Tuesday, September 18, 2012

Minnesota Renaissance Festival tribute show

I just got this from Michael's Gallowglass bandmate Lojo Russo:

You are invited to a special memorial show for Michael Matheny on Saturday, Sept. 29 at 5pm on the Pavilion Stage at the MN Renaissance Festival.

This show will be a time of remembrance and celebration and will include musical performances by Gallowglass and many of your favorite acts from the MN Renaissance Festival. A traditional “skiffle session” will follow these performances.
Many thanks to Carr Hagerman and the staff at the Minnesota Renaissance Festival for making this happen.

The Minnesota Renaissance Festival ("Festival" to some of us, "RenFest" to others, and simply "the Fair" or "the Renaissance" to many more) was a big part of Michael's life. He discovered it in 1983, I think. I know he talked me into going out there in 1984, in the summer between high school and college. He was assistant stage manager of Crown, where the featured act was Penn & Teller. Over the next few years, he talked Ken Larson out of being a juggler and into being a musician, met Lojo and (after some initial rough patches) formed Gallowglass Irish Trio, which made him part of the Festival forever.

There's a lot of history there, and I'm glad that the musicians and cast members will have the chance to remember Michael in the place where one of his stories began.


Saturday, September 08, 2012

Probate as a learning process

So how does this probate thing work?

Basically, when someone dies, we have to figure out what to do with their estate - the things that are legally theirs, including both assets and debts. 

Someone needs to do this work. In our case, I'm doing it, since Michael wanted me to take care of his finances. I'm getting a lot of help from Christina and Mom, and the rest of the support network, but there's a lot to do. 

First is getting the estate into probate. We're fortunate in that since Michael's assets were not significant, we can do "informal" probate. This means getting someone (me) named as Personal Representative for the estate. To do that, the primary heirs (Mom & Dad, since Michael was not married and had no children) needed to both renounce their claims to the estate and nominate me as Personal Rep. 

A note on "renouncing claims" - someone who does this is not giving up the ability to receive things from the estate, they're just declaring that it's okay if someone else (the Personal Rep) makes the decisions. 

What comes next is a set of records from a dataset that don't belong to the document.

lemma sum_Pow_bern_blocks:
  fixes x :: "'a \<Rightarrow> real" and H :: "'i \<Rightarrow> 'a set \<Rightarrow> real"
  assumes A: "finite A" and I: "finite I" and disj: "disjoint_family_on G I"
    and G: "\<And>i. i \<in> I \<Longrightarrow> G i \<subseteq> A"
  shows "(\<Sum>L\<in>Pow A. (\<Prod>s\<in>A. bern (x s) (s \<in> L)) * (\<Prod>i\<in>I. H i (L \<inter> G i)))
       = (\<Prod>i\<in>I. \<Sum>B\<in>Pow (G i). (\<Prod>s\<in>G i. bern (x s) (s \<in> B)) * H i B)"
proof -
  define U where "U = (\<Union>i\<in>I. G i)"
  have finG: "finite (G i)" if "i \<in> I" for i using G[OF that] A by (rule finite_subset)
  have finU: "finite U" and UA: "U \<subseteq> A" using I finG G unfolding U_def by auto
  define f where "f X = (\<Prod>s\<in>A - U. bern (x s) (s \<in> X))" for X
  define g where "g i B = (\<Prod>s\<in>G i. bern (x s) (s \<in> B)) * H i B" for i B
  have split: "(\<Prod>s\<in>A. bern (x s) (s \<in> L)) * (\<Prod>i\<in>I. H i (L \<inter> G i))
      = f (L \<inter> (A - U)) * (\<Prod>i\<in>I. g i (L \<inter> U \<inter> G i))" for L
  proof -
    have "(\<Prod>s\<in>A. bern (x s) (s \<in> L)) = f (L \<inter> (A - U)) * (\<Prod>s\<in>U. bern (x s) (s \<in> L))"
      unfolding f_def using prod.subset_diff[OF UA A] by (simp add: mult.commute)
    also have "(\<Prod>s\<in>U. bern (x s) (s \<in> L)) = (\<Prod>i\<in>I. \<Prod>s\<in>G i. bern (x s) (s \<in> L))"
      unfolding U_def using disj finG I by (intro prod.UNION_disjoint) (auto simp: disjoint_family_on_def)
    moreover have "L \<inter> U \<inter> G i = L \<inter> G i" if "i \<in> I" for i using that unfolding U_def by blast
    ultimately show ?thesis unfolding g_def by (simp add: prod.distrib mult.assoc)
  qed
  have "A = (A - U) \<union> U" using UA by blast
  then have "(\<Sum>L\<in>Pow A. (\<Prod>s\<in>A. bern (x s) (s \<in> L)) * (\<Prod>i\<in>I. H i (L \<inter> G i)))
      = (\<Sum>X\<in>Pow (A - U). f X) * (\<Sum>Y\<in>Pow U. \<Prod>i\<in>I. g i (Y \<inter> G i))"
    using sum_Pow_Un_mult[of "A - U" U f "\<lambda>Y. \<Prod>i\<in>I. g i (Y \<inter> G i)"] A finU
    by (simp add: split Int_commute)
  also have "(\<Sum>X\<in>Pow (A - U). f X) = 1"
    unfolding f_def using A by (simp add: sum_Pow_bern)
  also have "(\<Sum>Y\<in>Pow U. \<Prod>i\<in>I. g i (Y \<inter> G i)) = (\<Prod>i\<in>I. \<Sum>B\<in>Pow (G i). g i B)"
    unfolding U_def by (rule sum_Pow_UN_prod[OF I finG disj])
  finally show ?thesis unfolding g_def by simp
qed

lemma sum_Pow_bern_all:
  assumes "finite G"
  shows "(\<Sum>B\<in>Pow G. (\<Prod>s\<in>G. bern (x s) (s \<in> B)) * of_bool ((B = G) \<longleftrightarrow> P))
       = (if P then prod x G else 1 - prod x G)"
proof -
  have all: "(\<Sum>B\<in>Pow G. (\<Prod>s\<in>G. bern (x s) (s \<in> B)) * of_bool (B = G)) = prod x G"
    using assms by (simp add: of_bool_def if_distrib sum.delta cong: if_cong, simp add: bern_def)
  have total: "(\<Sum>B\<in>Pow G. \<Prod>s\<in>G. bern (x s) (s \<in> B)) = 1"
    using assms by (rule sum_Pow_bern)
  have "of_bool (B \<noteq> G) = 1 - (of_bool (B = G) :: real)" for B by simp
  then show ?thesis
    using all total by (cases P) (simp_all add: right_diff_distrib sum_subtractf)
qed

subsection \<open>Private technologies without indirect learning\<close>

lemma finite_offdiag: "finite (offdiag n)"
  by (rule finite_subset[of _ "{..<n} \<times> {..<n}"]) (auto simp: offdiag_def)

lemma weight_delta0:
  assumes "M \<subseteq> L" "L \<subseteq> offdiag n"
  shows "weight n 0 p q D L M = (if M = {} then
      (\<Prod>j<n. bern (p j) (j \<in> D)) * (\<Prod>s\<in>offdiag n. bern (iota (q (fst s)) (q (snd s))) (s \<in> L))
    else 0)"
proof (cases "M = {}")
  case False
  then obtain a b where "(a, b) \<in> M" by auto
  with assms show ?thesis
    unfolding weight_def using finite_offdiag by (auto intro!: prod_zero bexI[of _ "(a, b)"])
qed (auto simp: weight_def bern_def intro!: arg_cong2[where f="(*)"] prod.cong)

lemma expected_PT_delta0:
  "expected_PT n k 0 p q i = (\<Sum>D\<in>Pow {..<n}. \<Sum>L\<in>Pow (offdiag n).
     (\<Prod>j<n. bern (p j) (j \<in> D)) * (\<Prod>s\<in>offdiag n. bern (iota (q (fst s)) (q (snd s))) (s \<in> L))
       * real (card (PT n k D L {} i)))"
  unfolding expected_PT_def
proof (intro sum.cong refl)
  fix D L assume "L \<in> Pow (offdiag n)"
  moreover have "finite L" if "L \<subseteq> offdiag n" using finite_subset[OF that finite_offdiag] .
  ultimately show "(\<Sum>M\<in>Pow L. weight n 0 p q D L M * real (card (PT n k D L M i))) =
    (\<Prod>j<n. bern (p j) (j \<in> D)) * (\<Prod>s\<in>offdiag n. bern (iota (q (fst s)) (q (snd s))) (s \<in> L))
       * real (card (PT n k D L {} i))"
    by (simp add: weight_delta0 if_distrib[of "\<lambda>x. x * _"] sum.If_cases Int_absorb1 cong: if_cong)
qed

definition direct_links :: "nat set \<Rightarrow> nat \<Rightarrow> (nat \<times> nat) set" where
  "direct_links t m = {m} \<times> (t - {m})"

definition candidates :: "nat \<Rightarrow> nat \<Rightarrow> nat \<Rightarrow> nat set set" where
  "candidates n k i = {t. t \<subseteq> {..<n} \<and> card t = k \<and> i \<in> t}"

definition link_prob :: "(nat \<Rightarrow> real) \<Rightarrow> nat set \<Rightarrow> nat \<Rightarrow> real" where
  "link_prob q t m = (\<Prod>j\<in>t - {m}. iota (q m) (q j))"

lemma finite_candidates: "finite (candidates n k i)"
  unfolding candidates_def by (rule finite_subset[of _ "Pow {..<n}"]) auto

lemma card_candidates:
  assumes "i < n" "1 \<le> k"
  shows "card (candidates n k i) = (n - 1) choose (k - 1)"
proof -
  let ?S = "{B. B \<subseteq> {..<n} - {i} \<and> card B = k - 1}"
  have "candidates n k i = insert i ` ?S"
  proof (intro equalityI subsetI)
    fix t assume t: "t \<in> candidates n k i"
    then have "finite t" unfolding candidates_def using finite_subset by blast
    with t have "t - {i} \<in> ?S" "t = insert i (t - {i})" unfolding candidates_def by auto
    then show "t \<in> insert i ` ?S" by blast
  next
    fix t assume "t \<in> insert i ` ?S"
    then obtain B where B: "B \<subseteq> {..<n} - {i}" "card B = k - 1" "t = insert i B" by blast
    then have "finite B" "i \<notin> B" using finite_subset by auto
    with B assms show "t \<in> candidates n k i" unfolding candidates_def by auto
  qed
  moreover have "inj_on (insert i) ?S"
    by (rule inj_onI) (metis Diff_insert_absorb Diff_iff insertI1 mem_Collect_eq subset_iff)
  ultimately have "card (candidates n k i) = card ?S" by (simp add: card_image)
  also have "\<dots> = (n - 1) choose (k - 1)"
    using n_subsets[of "{..<n} - {i}" "k - 1"] assms by simp
  finally show ?thesis .
qed

lemma knows_no_indirect:
  "t \<subseteq> D \<Longrightarrow> knows D L {} m t \<longleftrightarrow> direct_links t m \<subseteq> L"
  unfolding knows_def learned_def indirect_net_def direct_links_def by auto

lemma card_PT_delta0:
  assumes "D \<subseteq> {..<n}"
  shows "real (card (PT n k D L {} i)) = (\<Sum>t\<in>candidates n k i. of_bool (t \<subseteq> D) *
    (\<Prod>m<n. of_bool (direct_links t m \<subseteq> L \<longleftrightarrow> m = i)))"
proof -
  have PT: "PT n k D L {} i = {t \<in> candidates n k i. t \<subseteq> D \<and>
      (\<forall>m\<in>{..<n}. direct_links t m \<subseteq> L \<longleftrightarrow> m = i)}"
    using assms unfolding PT_def candidates_def by (auto simp: knows_no_indirect)
  define P where "P t \<longleftrightarrow> t \<subseteq> D \<and> (\<forall>m\<in>{..<n}. direct_links t m \<subseteq> L \<longleftrightarrow> m = i)" for t
  have "(\<Sum>t\<in>candidates n k i. of_bool (P t)) = real (card (candidates n k i \<inter> {t. P t}))"
    using finite_candidates by simp
  then show ?thesis
    unfolding PT P_def by (simp add: prod_of_bool Int_def conj_commute flip: of_bool_conj)
qed

lemma sum_Pow_discovered:
  fixes p :: "nat \<Rightarrow> real"
  assumes "t \<subseteq> {..<n}"
  shows "(\<Sum>D\<in>Pow {..<n}. (\<Prod>j<n. bern (p j) (j \<in> D)) * of_bool (t \<subseteq> D)) = prod p t"
proof -
  have fin: "finite t" by (rule finite_subset[OF assms]) simp
  have "of_bool (t \<subseteq> D) = (\<Prod>j\<in>t. of_bool ((D \<inter> {j} = {j}) \<longleftrightarrow> True) :: real)" for D
    using fin by (auto simp: prod_of_bool)
  then have "(\<Sum>D\<in>Pow {..<n}. (\<Prod>j<n. bern (p j) (j \<in> D)) * of_bool (t \<subseteq> D))
      = (\<Prod>j\<in>t. \<Sum>B\<in>Pow {j}. (\<Prod>s\<in>{j}. bern (p s) (s \<in> B)) * of_bool ((B = {j}) \<longleftrightarrow> True))"
    using assms fin
    by (simp only:) (rule sum_Pow_bern_blocks, auto simp: disjoint_family_on_def)
  also have "\<dots> = prod p t"
    by (simp only: sum_Pow_bern_all finite.emptyI finite_insert) simp
  finally show ?thesis .
qed

lemma prod_direct_links:
  "(\<Prod>s\<in>direct_links t m. iota (q (fst s)) (q (snd s))) = link_prob q t m"
proof -
  have "direct_links t m = Pair m ` (t - {m})" "inj_on (Pair m) (t - {m})"
    unfolding direct_links_def by (auto simp: inj_on_def)
  then show ?thesis unfolding link_prob_def by (simp add: prod.reindex)
qed

lemma sum_Pow_links:
  assumes "t \<subseteq> {..<n}"
  shows "(\<Sum>L\<in>Pow (offdiag n). (\<Prod>s\<in>offdiag n. bern (iota (q (fst s)) (q (snd s))) (s \<in> L))
          * (\<Prod>m<n. of_bool (direct_links t m \<subseteq> L \<longleftrightarrow> m = i)))
       = (\<Prod>m<n. if m = i then link_prob q t m else 1 - link_prob q t m)"
proof -
  have fin: "finite (direct_links t m)" for m
    using finite_subset[OF assms] unfolding direct_links_def by simp
  have "direct_links t m \<subseteq> L \<longleftrightarrow> L \<inter> direct_links t m = direct_links t m" for L m by blast
  then have "(\<Sum>L\<in>Pow (offdiag n). (\<Prod>s\<in>offdiag n. bern (iota (q (fst s)) (q (snd s))) (s \<in> L))
          * (\<Prod>m<n. of_bool (direct_links t m \<subseteq> L \<longleftrightarrow> m = i)))
      = (\<Prod>m<n. \<Sum>B\<in>Pow (direct_links t m). (\<Prod>s\<in>direct_links t m. bern (iota (q (fst s)) (q (snd s))) (s \<in> B))
          * of_bool ((B = direct_links t m) \<longleftrightarrow> m = i))"
    using assms
    by (simp only:) (rule sum_Pow_bern_blocks[OF finite_offdiag],
        auto simp: disjoint_family_on_def direct_links_def offdiag_def)
  also have "\<dots> = (\<Prod>m<n. if m = i then link_prob q t m else 1 - link_prob q t m)"
    by (simp only: sum_Pow_bern_all[OF fin] prod_direct_links)
  finally show ?thesis .
qed

lemma expected_PT_delta0_candidates:
  "expected_PT n k 0 p q i = (\<Sum>t\<in>candidates n k i.
     prod p t * (\<Prod>m<n. if m = i then link_prob q t m else 1 - link_prob q t m))"
proof -
  let ?WD = "\<lambda>D. \<Prod>j<n. bern (p j) (j \<in> D)"
  let ?WL = "\<lambda>L. \<Prod>s\<in>offdiag n. bern (iota (q (fst s)) (q (snd s))) (s \<in> L)"
  let ?F = "\<lambda>t L. \<Prod>m<n. of_bool (direct_links t m \<subseteq> L \<longleftrightarrow> m = i)"
  have "expected_PT n k 0 p q i = (\<Sum>D\<in>Pow {..<n}. \<Sum>L\<in>Pow (offdiag n). \<Sum>t\<in>candidates n k i.
      (?WD D * of_bool (t \<subseteq> D)) * (?WL L * ?F t L))"
    unfolding expected_PT_delta0
    by (intro sum.cong refl) (simp add: card_PT_delta0 sum_distrib_left mult_ac)
  also have "\<dots> = (\<Sum>t\<in>candidates n k i. (\<Sum>D\<in>Pow {..<n}. ?WD D * of_bool (t \<subseteq> D))
      * (\<Sum>L\<in>Pow (offdiag n). ?WL L * ?F t L))"
    by (simp only: sum.swap[where B="candidates n k i"] sum_product)
  also have "\<dots> = (\<Sum>t\<in>candidates n k i.
      prod p t * (\<Prod>m<n. if m = i then link_prob q t m else 1 - link_prob q t m))"
    by (intro sum.cong refl arg_cong2[where f="(*)"] sum_Pow_discovered sum_Pow_links)
      (auto simp: candidates_def)
  finally show ?thesis .
qed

I also have to petition the court to be named the Personal Rep. This petition needs to include an inventory of the assets of the estate. If there's too much money, or complex property stuff, then you may need to go into formal probate. That looks like it sucks; there are a lot of forms. 

Then we wait for the court to process all of this. If the petition is granted (and it was), then the court can issue "Testamentary Letters" to let asset-holders know that the Personal Rep is indeed the Personal Rep and has standing to do things like get access to bank accounts and safe deposit boxes. 

We also need to post a notice of Michael's death, to let any potential creditors know that they have a limited time (4 months from the date of my petition being granted) to make claims against his estate. We did this already. 

I opened an estate account as well, to make keeping track of all this easier. And I hired a lawyer (my friend John Fossum, who helped us with the Power of Attorney in Michael's final days). 

I got an Tax ID number for the estate; this will be needed for the final tax return. 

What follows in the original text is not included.